Two other procedures burn the lining of the uterus. One is called balloon ablation and the other is Novasure. Balloon ablation is a technique in which a small balloon is inserted into the uterine cavity through the vagina and filled with water. The water is then heated to a temperature that will cause thermal destruction of the uterine lining. Another technique, that is faster, is Novasure. This procedure involves inserting a device into the uterine cavity, that then fans out to fill the cavity. This procedure is fast and effective if the fibroids are small. It may work better if the fibroid or fibroids are inside the cavity. Finally, there is Cryoablation. This involves freezing the lining of the uterus. Cryoablation is most easily done in the physician’s office compared to the other methods. I have stopped performing office Cryoablation as the results are not as satisfactory. All of these procedures only require a couple of days off work.

Ablation may completely prevent menstrual bleeding, but more often than not, a woman will still have cycles, although lighter, or she may have a return to menstruation months to years later. One other concern with ablation techniques is that it may hide a developing endometrial cancer. Endometrial cancer usually presents with abnormal or post-menopausal bleeding. Scarring of the uterine lining by ablation may prevent this warning sign from occurring.

A procedure performed by some radiologists called uterine artery embolization can be highly effective for women who have only one or two large fibroids. The radiologists locates the fibroids and passes a catheter through an artery supplying blood flow to a particular fibroid, then blocks the flow of blood to the fibroid causing the fibroid to deteriorate over time.

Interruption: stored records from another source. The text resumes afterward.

(* Let $n \geqslant 2$ and let $p \geqslant 2$ be an integer. For any $\varepsilon_1, \varepsilon_2 \in [0,1]$ with $\varepsilon_1 > \varepsilon_2$, we have $\mathcal X(\varepsilon_1, p) \subset \mathcal X(\varepsilon_2, p)$ (proper inclusion).
   Context: For $\bm x \in \mathbb{R}^n_{\geqslant 0}$ and $p \geqslant 1$, $\|\bm x\|_p = (\sum_{i=1}^n x_i^p)^{1/p}$. Define $D_p = n^{1-1/p} - 1$. For an integer $p\geqslant 2$ and $\varepsilon \in [0,1]$, define $\mathcal X(\varepsilon,p) = \{\bm x \in \mathbb{R}^n_{\geqslant 0} : (1+\varepsilon D_p)\|\bm x\|_p \leqslant \|\bm x\|_1\}$ (the set of "at least $(\varepsilon,p)$-fair" vectors). *)

theory Defs
  imports "HOL-Analysis.Analysis"
begin

definition pnorm :: "nat \<Rightarrow> real^'n::finite \<Rightarrow> real" where
  "pnorm p x = (\<Sum>i\<in>UNIV. \<bar>x $ i\<bar> ^ p) powr (1 / real p)"

definition Dp :: "'n::finite itself \<Rightarrow> nat \<Rightarrow> real" where
  "Dp _ p = real CARD('n) powr (1 - 1 / real p) - 1"

definition fair_set :: "real \<Rightarrow> nat \<Rightarrow> (real^'n::finite) set" where
  "fair_set \<epsilon> p = {x. (\<forall>i. 0 \<le> x $ i) \<and>
      (1 + \<epsilon> * Dp TYPE('n) p) * pnorm p x \<le> pnorm 1 x}"

end

theory Submission
  imports Defs
begin

text \<open>For nonnegative \<open>x \<noteq> 0\<close> the ratio \<open>\<parallel>x\<parallel>\<^sub>1 / \<parallel>x\<parallel>\<^sub>p\<close> is 1 at a unit vector and
  \<open>n powr (1 - 1/p) = 1 + D\<^sub>p\<close> at the constant vector, so by the intermediate value theorem
  along the vectors \<open>(1, t, \<dots>, t)\<close>, \<open>0 \<le> t \<le> 1\<close>, it takes the value \<open>1 + \<epsilon>\<^sub>2 D\<^sub>p\<close>.
  Such a vector lies in \<open>\<X>(\<epsilon>\<^sub>2, p)\<close> but, as \<open>D\<^sub>p > 0\<close> for \<open>n, p \<ge> 2\<close>, not in \<open>\<X>(\<epsilon>\<^sub>1, p)\<close>.\<close>

lemma pnorm_nonneg: "0 \<le> pnorm p x"
  by (simp add: pnorm_def)

lemma Dp_nonneg: "0 \<le> Dp TYPE('n::finite) p"
proof -
  have "1 \<le> real CARD('n)"
    by simp
  moreover have "0 \<le> 1 - 1 / real p"
    by (cases "p = 0") (auto simp: field_simps)
  ultimately show ?thesis
    unfolding Dp_def using ge_one_powr_ge_zero by auto
qed

lemma Dp_pos:
  assumes "2 \<le> CARD('n::finite)" and "1 < p"
  shows "0 < Dp TYPE('n) p"
proof -
  have "1 < real CARD('n)"
    using assms(1) by simp
  moreover have "0 < 1 - 1 / real p"
    using assms(2) by (simp add: field_simps)
  ultimately show ?thesis
    unfolding Dp_def by (simp add: gr_one_powr)
qed

lemma fair_set_antimono:
  assumes "\<epsilon>2 \<le> \<epsilon>1"
  shows "(fair_set \<epsilon>1 p :: (real^'n::finite) set) \<subseteq> fair_set \<epsilon>2 p"
proof
  fix x :: "real^'n"
  assume x: "x \<in> fair_set \<epsilon>1 p"
  have "(1 + \<epsilon>2 * Dp TYPE('n) p) * pnorm p x \<le> (1 + \<epsilon>1 * Dp TYPE('n) p) * pnorm p x"
    using assms Dp_nonneg pnorm_nonneg by (intro mult_right_mono add_left_mono mult_right_mono) auto
  with x show "x \<in> fair_set \<epsilon>2 p"
    by (auto simp: fair_set_def)
qed

lemma pnorm_spike_vector:
  fixes i0 :: "'n::finite"
  assumes "0 \<le> t" and "0 < q"
  shows "pnorm q (\<chi> i. if i = i0 then 1 else t :: real^'n)
           = (1 + (real CARD('n) - 1) * t ^ q) powr (1 / real q)"
proof -
  have "(\<Sum>i\<in>UNIV. \<bar>(\<chi> i. if i = i0 then 1 else t :: real^'n) $ i\<bar> ^ q)
      = (\<Sum>i\<in>UNIV. if i = i0 then 1 else t ^ q)"
    using assms by (intro sum.cong) auto
  also have "\<dots> = 1 + (\<Sum>i\<in>UNIV - {i0}. t ^ q)"
    by (subst sum.remove[of UNIV i0]) auto
  also have "\<dots> = 1 + (real CARD('n) - 1) * t ^ q"
    by (simp add: card_Diff_singleton of_nat_diff)
  finally show ?thesis
    by (simp add: pnorm_def)
qed

lemma pnorm_ratio_attains:
  assumes "0 < p" and "1 \<le> c" and "c \<le> 1 + Dp TYPE('n::finite) p"
  obtains x :: "real^'n" where "\<forall>i. 0 \<le> x $ i" and "0 < pnorm p x"
    and "pnorm 1 x = c * pnorm p x"
proof -
  define N where "N = real CARD('n)"
  have N: "1 \<le> N"
    by (simp add: N_def)
  obtain i0 :: 'n where True
    by simp
  define v where "v t = (\<chi> i. if i = i0 then 1 else t :: real^'n)" for t
  define g where "g t = (1 + (N - 1) * t) - c * (1 + (N - 1) * t ^ p) powr (1 / real p)" for t
  have pnorm_p: "pnorm p (v t) = (1 + (N - 1) * t ^ p) powr (1 / real p)" if "0 \<le> t" for t
    using pnorm_spike_vector[OF that assms(1)] by (simp add: v_def N_def)
  have pnorm_1: "pnorm 1 (v t) = 1 + (N - 1) * t" if "0 \<le> t" for t
    using pnorm_spike_vector[OF that, of 1] N that by (simp add: v_def N_def)
  have base_pos: "0 < 1 + (N - 1) * t ^ p" if "0 \<le> t" for t
    using N that by (simp add: add_pos_nonneg)
  have "g 0 \<le> 0"
    using assms(1,2) by (simp add: g_def power_0_left)
  moreover have "0 \<le> g 1"
  proof -
    have "c * N powr (1 / real p) \<le> N powr (1 - 1 / real p) * N powr (1 / real p)"
      using assms(3) by (intro mult_right_mono) (auto simp: Dp_def N_def)
    also have "\<dots> = N"
      using N by (simp add: powr_add[symmetric])
    finally show ?thesis
      by (simp add: g_def)
  qed
  moreover have "isCont g t" if "0 \<le> t" for t
    using base_pos[OF that] unfolding g_def by (intro continuous_intros) auto
  ultimately obtain t where t: "0 \<le> t" "t \<le> 1" "g t = 0"
    using IVT[of g 0 0 1] by auto
  show ?thesis
  proof
    show "\<forall>i. 0 \<le> v t $ i"
      using t by (simp add: v_def)
    show "0 < pnorm p (v t)"
      using pnorm_p[OF t(1)] base_pos[OF t(1)] by simp
    show "pnorm 1 (v t) = c * pnorm p (v t)"
      using t pnorm_p pnorm_1 by (simp add: g_def)
  qed
qed

theorem proposition1:
  fixes \<epsilon>1 \<epsilon>2 :: real and p :: nat
  assumes "CARD('n::finite) \<ge> 2"
    and "p \<ge> 2"
    and "0 \<le> \<epsilon>1" and "\<epsilon>1 \<le> 1"
    and "0 \<le> \<epsilon>2" and "\<epsilon>2 \<le> 1"
    and "\<epsilon>1 > \<epsilon>2"
  shows "(fair_set \<epsilon>1 p :: (real^'n) set) \<subset> fair_set \<epsilon>2 p"
proof -
  define D where "D = Dp TYPE('n) p"
  have D: "0 < D"
    unfolding D_def using assms(1,2) by (intro Dp_pos) auto
  have "1 + \<epsilon>2 * D \<le> 1 + D"
    using D assms(6) by (simp add: mult_left_le_one_le)
  then obtain x :: "real^'n" where x: "\<forall>i. 0 \<le> x $ i" "0 < pnorm p x"
      and ratio: "pnorm 1 x = (1 + \<epsilon>2 * D) * pnorm p x"
    using pnorm_ratio_attains[where 'n = 'n, of p "1 + \<epsilon>2 * D"] D assms(2,5) unfolding D_def by auto
  have "x \<in> fair_set \<epsilon>2 p"
    using x ratio by (simp add: fair_set_def D_def)
  moreover have "(1 + \<epsilon>2 * D) * pnorm p x < (1 + \<epsilon>1 * D) * pnorm p x"
    using x D assms(7) by (intro mult_strict_right_mono) auto
  then have "x \<notin> fair_set \<epsilon>1 p"
    using ratio by (simp add: fair_set_def D_def)
  ultimately show ?thesis
    using fair_set_antimono[OF less_imp_le[OF assms(7)]] by blast
qed

end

Myomectomy is a surgical procedure where the fibroids are removed, and the uterus is repaired. This can be done with a laparoscope, hysteroscope, or an abdominal incision depending on the location, size and number of fibroids. Myomectomy is the best option for women who still want to conceive.

There is one medication available that will shrink fibroids called leuprolide acetate. Lupron is a GnRH agonist that shuts down ovarian production of estrogen, essentially putting a woman into temporary menopause. Lupron can cause significant bone loss after a few months, and after the medication is stopped, the fibroids quickly return to their previous size. Lupron is a one month or three-month injection that costs several hundred dollars per injection. I sometimes will use Lupron for a short period of time to shrink really large fibroids, before performing a hysterectomy or myomectomy. Menopause in and of itself will cause a reduction in size and symptoms of fibroids.